Потом хлопец говорит:

— Арсена, сказывают, пчеловод Мокрецов немцам пропил.

— Клевета. Я — Арсен. — Дед стучит себя в грудь кулаком. — Мокрецов не повинен ни в одном моем волосе.

— Арсен… — Наши конвоиры переглядываются, шепчутся. — Вот он какой… Десять тысяч марок стоит.

— Нет, придется накинуть, — говорит дед. — Десять тыщ Арсен раньше стоил, а теперь еще пятнадцать тыщ стоит, как десантник.

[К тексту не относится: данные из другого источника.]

lemma monoid_unit_mult:
  fixes a b :: "'m::monoid_mult"
  assumes "monoid_unit a" "monoid_unit b"
  shows "monoid_unit (a * b)"
proof -
  obtain a' b' where "a * a' = 1" "a' * a = 1" "b * b' = 1" "b' * b = 1"
    using assms unfolding monoid_unit_def by blast
  then have "(a * b) * (b' * a') = 1" "(b' * a') * (a * b) = 1"
    by (metis mult.assoc mult_1)+
  then show ?thesis unfolding monoid_unit_def by blast
qed

lemma finite_monoid_inverse_commute:
  fixes x y :: "'m::{monoid_mult,finite}"
  assumes "x * y = 1"
  shows "y * x = 1"
proof -
  have "surj (\<lambda>t. x * t)"
    by (metis assms mult.assoc mult_1 surjI)
  then have "inj (\<lambda>t. x * t)"
    by (simp add: finite_UNIV_surj_inj)
  moreover have "x * (y * x) = x * 1"
    using assms by (simp flip: mult.assoc)
  ultimately show ?thesis
    by (meson injD)
qed

lemma monoid_unit_mult_iff:
  fixes a b :: "'m::{monoid_mult,finite}"
  shows "monoid_unit (a * b) \<longleftrightarrow> monoid_unit a \<and> monoid_unit b"
proof
  assume "monoid_unit (a * b)"
  then obtain v where "a * (b * v) = 1" "(v * a) * b = 1"
    unfolding monoid_unit_def by (auto simp: mult.assoc)
  then show "monoid_unit a \<and> monoid_unit b"
    unfolding monoid_unit_def by (metis finite_monoid_inverse_commute)
qed (auto intro: monoid_unit_mult)

lemma monoid_associates_refl: "monoid_associates (a::'m::monoid_mult) a"
  unfolding monoid_associates_def monoid_unit_def by (metis mult_1 mult.right_neutral)

lemma monoid_associates_unit_mult:
  fixes a u v :: "'m::monoid_mult"
  assumes "monoid_unit u" "monoid_unit v"
  shows "monoid_associates (u * a * v) a"
  using assms unfolding monoid_associates_def by blast

lemma monoid_associates_sym:
  fixes a b :: "'m::monoid_mult"
  assumes "monoid_associates a b"
  shows "monoid_associates b a"
proof -
  obtain u v where uv: "monoid_unit u" "monoid_unit v" "a = u * b * v"
    using assms unfolding monoid_associates_def by blast
  obtain u' where u': "monoid_unit u'" "u' * u = 1" using uv(1) by (rule monoid_unitE)
  obtain v' where v': "monoid_unit v'" "v * v' = 1" using uv(2) by (rule monoid_unitE)
  have "b = u' * a * v'"
    using uv(3) u'(2) v'(2) by (simp add: mult.assoc flip: mult.assoc[of u' u])
  with u'(1) v'(1) show ?thesis
    unfolding monoid_associates_def by blast
qed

Партизаны, несмотря на все уважение к Арсену, ведут нас по-прежнему. Арсен ворчит:

— До вашего Бати, как до бога, одних сапог не хватит, надо целый обоз брать.

— Хватит и останется, — вон Батя.

Высокий человек с длинной бородой и волосами белыми до последней нити. На плечах широкий серый плащ, голова не покрыта. Ходит неторопливо, важно, говорит глуховатым ласковым тоном. Даже зная, трудно поверить, что этот человек — партизан, что под плащом у него автомат и гранаты, что медлительные руки стреляют, как молния, и не знают промаха. Как стреляет Батя, мы слышали не раз. Он в этом районе человек известный: до войны работал тут много лет большим работником, в войну стал организатором партизанского отряда.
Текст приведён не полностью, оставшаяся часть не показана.